(* Let $k$ be an algebraically closed field of characteristic $p>2$, let $X$ be the smooth projective curve over $k$ with affine equation $y^2=x^p-x$, of genus $g=(p-1)/2$, and let $G=\operatorname{Aut}_k(X)$, described below. Let $\theta:\operatorname{SL}_2(\mathbf{F}_p)\to G$ send $\sigma$ to the class of $(\sigma,1)$, and let $H=\operatorname{im}\theta$. Let $V$ be the $k[H]$-module $\operatorname{Sym}^{g-1}(k^2)$ described below. Then the $k$-linear map $$\varphi: \operatorname{res}_H\big(H^0(X,\Omega^1_{X/k})\big)\to V,\qquad \frac{x^i\,dx}{y}\mapsto u^iv^{g-i-1}\quad (i=0,\dots,g-1)$$ is an isomorphism of $k[H]$-modules.
   Context: Let $\widetilde G\subseteq \operatorname{GL}_2(\mathbf{F}_p)\times \mathbf{F}_{p^2}^\times$ be the subgroup of pairs $(\sigma,u_\sigma)$ with $\det\sigma=u_\sigma^2$; $\mathbf{F}_p^\times$ acts on $\widetilde G$ by $\lambda(\sigma,u_\sigma)=(\lambda\sigma,\lambda^{(p+1)/2}u_\sigma)$, and $G=\mathbf{F}_p^\times\backslash\widetilde G$, which equals $\operatorname{Aut}_k(X)$. The class of $(\sigma,u_\sigma)$ with $\sigma=\begin{pmatrix}a&b\\c&d\end{pmatrix}$ acts on affine coordinates of $X$ by $(x,y)\mapsto\left(\frac{ax+b}{cx+d},\,u_\sigma\frac{y}{(cx+d)^{(p+1)/2}}\right)$, and $G$ acts on $H^0(X,\Omega^1_{X/k})$ functorially (by pullback/transport of forms). The elements $x^i\,dx/y$, $i=0,\dots,g-1$, form a $k$-basis of $H^0(X,\Omega^1_{X/k})$. Identify $\operatorname{Sym}^{g-1}(k^2)$ with the homogeneous polynomials of degree $g-1$ in $k[u,v]$, with $\begin{pmatrix}a&b\\c&d\end{pmatrix}\in\operatorname{SL}_2(\mathbf{F}_p)$ acting by substituting $u\mapsto au+bv$, $v\mapsto cu+dv$. The kernel of $\theta$ ($\{I\}$ if $p\equiv1\bmod 4$, $\{\pm I\}$ if $p\equiv 3\bmod 4$) acts trivially on this space, so $h=\theta(\sigma)\in H$ acting as $\sigma$ gives a well-defined $k[H]$-module $V$. *)

theory Defs
  imports "HOL-Computational_Algebra.Polynomial_Factorial" "HOL-Library.Product_Plus" "HOL-Number_Theory.Cong"
begin

type_synonym 'k ratfn = "'k poly fract"

(* The function field K = k(X) = k(x)[y]/(y^2 - x^p + x):
   a pair (f, g) stands for f + g*y. *)
type_synonym 'k fnfield = "'k ratfn \<times> 'k ratfn"

(* Rational (meromorphic) differentials on X: since Omega_{K/k} = K dx,
   a pair h stands for the differential h dx. *)
type_synonym 'k mdiff = "'k fnfield"

definition const_rf :: "'k::field \<Rightarrow> 'k ratfn" where
  "const_rf c = to_fract [:c:]"

definition xfun :: "'k::field ratfn" where
  "xfun = to_fract [:0, 1:]"

definition rf_scale :: "'k::field ratfn \<Rightarrow> 'k fnfield \<Rightarrow> 'k fnfield" where
  "rf_scale r w = (r * fst w, r * snd w)"

definition k_smul :: "'k::field \<Rightarrow> 'k mdiff \<Rightarrow> 'k mdiff" where
  "k_smul c w = rf_scale (const_rf c) w"

definition subst_poly_rf :: "'k::field poly \<Rightarrow> 'k ratfn \<Rightarrow> 'k ratfn" where
  "subst_poly_rf q z = poly (map_poly const_rf q) z"

definition subst_rf :: "'k::field ratfn \<Rightarrow> 'k ratfn \<Rightarrow> 'k ratfn" where
  "subst_rf r z = (SOME t. \<exists>n m. m \<noteq> 0 \<and> r = Fract n m \<and>
                       t = subst_poly_rf n z / subst_poly_rf m z)"

definition deriv_rf :: "'k::field ratfn \<Rightarrow> 'k ratfn" where
  "deriv_rf r = (SOME t. \<exists>n m. m \<noteq> 0 \<and> r = Fract n m \<and>
                   t = to_fract (pderiv n * m - n * pderiv m) / to_fract (m ^ 2))"

definition moeb :: "'k::field \<Rightarrow> 'k \<Rightarrow> 'k \<Rightarrow> 'k \<Rightarrow> 'k ratfn" where
  "moeb a b c d = to_fract [:b, a:] / to_fract [:d, c:]"

(* The automorphism of X given by the class of (sigma, u), sigma = (a b; c d),
   acting on the function field by pullback of functions:
   x |-> (ax+b)/(cx+d),  y |-> u y / (cx+d)^((p+1)/2). *)
definition aut_fn :: "nat \<Rightarrow> 'k::field \<Rightarrow> 'k \<Rightarrow> 'k \<Rightarrow> 'k \<Rightarrow> 'k \<Rightarrow> 'k fnfield \<Rightarrow> 'k fnfield" where
  "aut_fn p a b c d u w =
     (subst_rf (fst w) (moeb a b c d),
      subst_rf (snd w) (moeb a b c d) * const_rf u / to_fract [:d, c:] ^ ((p + 1) div 2))"

(* Pullback of the differential h dx:  sigma^*(h dx) = sigma^*(h) d(sigma^* x). *)
definition pullback_diff :: "nat \<Rightarrow> 'k::field \<Rightarrow> 'k \<Rightarrow> 'k \<Rightarrow> 'k \<Rightarrow> 'k \<Rightarrow> 'k mdiff \<Rightarrow> 'k mdiff" where
  "pullback_diff p a b c d u w = rf_scale (deriv_rf (moeb a b c d)) (aut_fn p a b c d u w)"

(* the differential x^i dx / y  (note 1/y = y/(x^p - x)) *)
definition hol_basis :: "nat \<Rightarrow> nat \<Rightarrow> 'k::field mdiff" where
  "hol_basis p i = (0, xfun ^ i / (xfun ^ p - xfun))"

definition genus :: "nat \<Rightarrow> nat" where
  "genus p = (p - 1) div 2"

definition H0 :: "nat \<Rightarrow> 'k::field mdiff set" where
  "H0 p = {(\<Sum>i<genus p. k_smul (c i) (hol_basis p i)) | c. True}"

(* Homogeneous polynomials in k[u,v]: represented in ('k poly) poly,
   outer variable u, inner variable v. *)
definition sym_space :: "nat \<Rightarrow> 'k::field poly poly set" where
  "sym_space n = {P. \<forall>i j. coeff (coeff P i) j \<noteq> 0 \<longrightarrow> i + j = n}"

definition sym_monom :: "nat \<Rightarrow> nat \<Rightarrow> 'k::field poly poly" where
  "sym_monom n i = monom (monom 1 (n - i)) i"

(* the linear form a u + b v *)
definition lin_uv :: "'k::field \<Rightarrow> 'k \<Rightarrow> 'k poly poly" where
  "lin_uv a b = [:[:0, b:], [:a:]:]"

(* action of (a b; c d): substitute u |-> a u + b v, v |-> c u + d v *)
definition sym_act :: "'k::field \<Rightarrow> 'k \<Rightarrow> 'k \<Rightarrow> 'k \<Rightarrow> 'k poly poly \<Rightarrow> 'k poly poly" where
  "sym_act a b c d P =
     poly (map_poly (\<lambda>q. poly (map_poly (\<lambda>e. [:[:e:]:]) q) (lin_uv c d)) P) (lin_uv a b)"

(* SL_2(F_p), with F_p represented by the residues 0..p-1 *)
definition SL2_Fp :: "nat \<Rightarrow> int \<Rightarrow> int \<Rightarrow> int \<Rightarrow> int \<Rightarrow> bool" where
  "SL2_Fp p a b c d \<longleftrightarrow> a \<in> {0..<int p} \<and> b \<in> {0..<int p} \<and> c \<in> {0..<int p} \<and> d \<in> {0..<int p}
      \<and> [a * d - b * c = 1] (mod int p)"

definition alg_closed_field :: "'k::field itself \<Rightarrow> bool" where
  "alg_closed_field _ \<longleftrightarrow> (\<forall>q::'k poly. degree q > 0 \<longrightarrow> (\<exists>z. poly q z = 0))"

end

theory Submission
  imports Defs
begin

text \<open>
  Write a holomorphic differential as \<open>N(x) y dx / (x^p - x)\<close> with \<open>deg N < g\<close>. For
  \<open>\<sigma> = (a b; c d)\<close> of determinant 1 with entries in \<open>F_p\<close> put \<open>A = ax + b\<close> and \<open>L = cx + d\<close>.
  Pulling back by \<open>\<sigma>\<close> replaces \<open>x\<close> by \<open>A/L\<close>, \<open>dx\<close> by \<open>dx / L^2\<close> and \<open>y\<close> by \<open>y / L^(g+1)\<close>.
  Since \<open>A^p = a x^p + b\<close> and \<open>L^p = c x^p + d\<close>, we get \<open>A^p L - A L^p = (ad - bc)(x^p - x)\<close>,
  i.e. \<open>(A/L)^p - A/L = (x^p - x) / L^(p+1)\<close>. As \<open>p + 1 = 2g + 2\<close>, the powers of \<open>L\<close> cancel
  against \<open>N(A/L) = (\<Sum> c_i A^i L^(g-1-i)) / L^(g-1)\<close>, leaving the numerator \<open>\<Sum> c_i A^i L^(g-1-i)\<close>.
  This is what setting \<open>v = 1\<close> makes of \<open>\<sigma>\<close> applied to \<open>\<Sum> c_i u^i v^(g-1-i)\<close>, and setting
  \<open>v = 1\<close> is injective on homogeneous polynomials of degree \<open>g - 1\<close>.
\<close>

definition is_ring_hom :: "('a::comm_ring_1 \<Rightarrow> 'b::comm_ring_1) \<Rightarrow> bool" where
  "is_ring_hom f \<longleftrightarrow>
     f 0 = 0 \<and> f 1 = 1 \<and> (\<forall>x y. f (x + y) = f x + f y) \<and> (\<forall>x y. f (x * y) = f x * f y)"

context
  fixes f :: "'a::comm_ring_1 \<Rightarrow> 'b::comm_ring_1"
  assumes hom: "is_ring_hom f"
begin

lemma is_ring_hom_0: "f 0 = 0"
  and is_ring_hom_1: "f 1 = 1"
  and is_ring_hom_add: "f (x + y) = f x + f y"
  and is_ring_hom_mult: "f (x * y) = f x * f y"
  using hom by (simp_all add: is_ring_hom_def)

lemma is_ring_hom_uminus: "f (- x) = - f x"
  using is_ring_hom_add[of x "- x"] by (simp add: is_ring_hom_0 eq_neg_iff_add_eq_0 add.commute)

lemma is_ring_hom_diff: "f (x - y) = f x - f y"
  using is_ring_hom_add[of x "- y"] by (simp add: is_ring_hom_uminus)

lemma is_ring_hom_power: "f (x ^ n) = f x ^ n"
  by (induction n) (simp_all add: is_ring_hom_1 is_ring_hom_mult)

lemma is_ring_hom_sum: "f (sum h A) = (\<Sum>a\<in>A. f (h a))"
  by (induction A rule: infinite_finite_induct) (simp_all add: is_ring_hom_0 is_ring_hom_add)

lemma map_poly_add_ring_hom: "map_poly f (p + q) = map_poly f p + map_poly f q"
  by (intro poly_eqI) (simp add: coeff_map_poly is_ring_hom_0 is_ring_hom_add)
lemma noncrossing_if_separated:
  assumes dist: "distinct [a0, a1, x0, x1, d0, d1]"
    and "cyclic_between a0 a1 x0 = cyclic_between a0 a1 x1"
    and "cyclic_between a0 a1 d0 = cyclic_between a0 a1 d1"
    and "cyclic_between a0 a1 x0 \<noteq> cyclic_between a0 a1 d0"
  shows "cyclic_between x0 x1 d0 = cyclic_between x0 x1 d1"
proof -
  obtain L where L: "\<forall>k\<in>set [a0, a1, x0, x1, d0, d1]. k < L"
    by (metis finite_set finite_nat_set_iff_bounded)
  let ?r = "rotate_pos L a0"
  have "?r a0 = 0" by (rule rotate_pos_self)
  then have "cyclic_between (?r x0) (?r x1) (?r d0) = cyclic_between (?r x0) (?r x1) (?r d1)"
    by (rule noncrossing_if_separated_0[of "?r a0" "?r a1"])
      (use assms L in \<open>simp_all add: cyclic_between_rotate_pos rotate_pos_eq_iff\<close>)
  then show ?thesis using assms L by (simp add: cyclic_between_rotate_pos)
qed

lemma crossing_chord_0E:
  assumes "cyclic_between 0 e y0 \<noteq> cyclic_between 0 e y1" "distinct [0, e, y0, y1]"
  obtains f g where "f < e" "e < g" "y0 = f \<and> y1 = g \<or> y0 = g \<and> y1 = f"
  using assms unfolding cyclic_between_def by (cases "y0 < e") auto

lemma cyclic_between_feet:
  assumes "a0 = f \<and> a1 = g \<or> a0 = g \<and> a1 = f" "f < g" "k \<noteq> f" "k \<noteq> g"
  shows "cyclic_between a0 a1 k \<longleftrightarrow> ((f < k \<and> k < g) \<longleftrightarrow> a0 = f)"
  using assms unfolding cyclic_between_def by auto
= = =
WHAT IS BEING ASKED ▸
Reproduce all lines from the records above that include the word "moeb".

SOLUTION TO THIS TASK ▸
definition moeb :: "'k::field \<Rightarrow> 'k \<Rightarrow> 'k \<Rightarrow> 'k \<Rightarrow> 'k ratfn" where
  "moeb a b c d = to_fract [:b, a:] / to_fract [:d, c:]"
     (subst_rf (fst w) (moeb a b c d),
      subst_rf (snd w) (moeb a b c d) * const_rf u / to_fract [:d, c:] ^ ((p + 1) div 2))"
  "pullback_diff p a b c d u w = rf_scale (deriv_rf (moeb a b c d)) (aut_fn p a b c d u w)"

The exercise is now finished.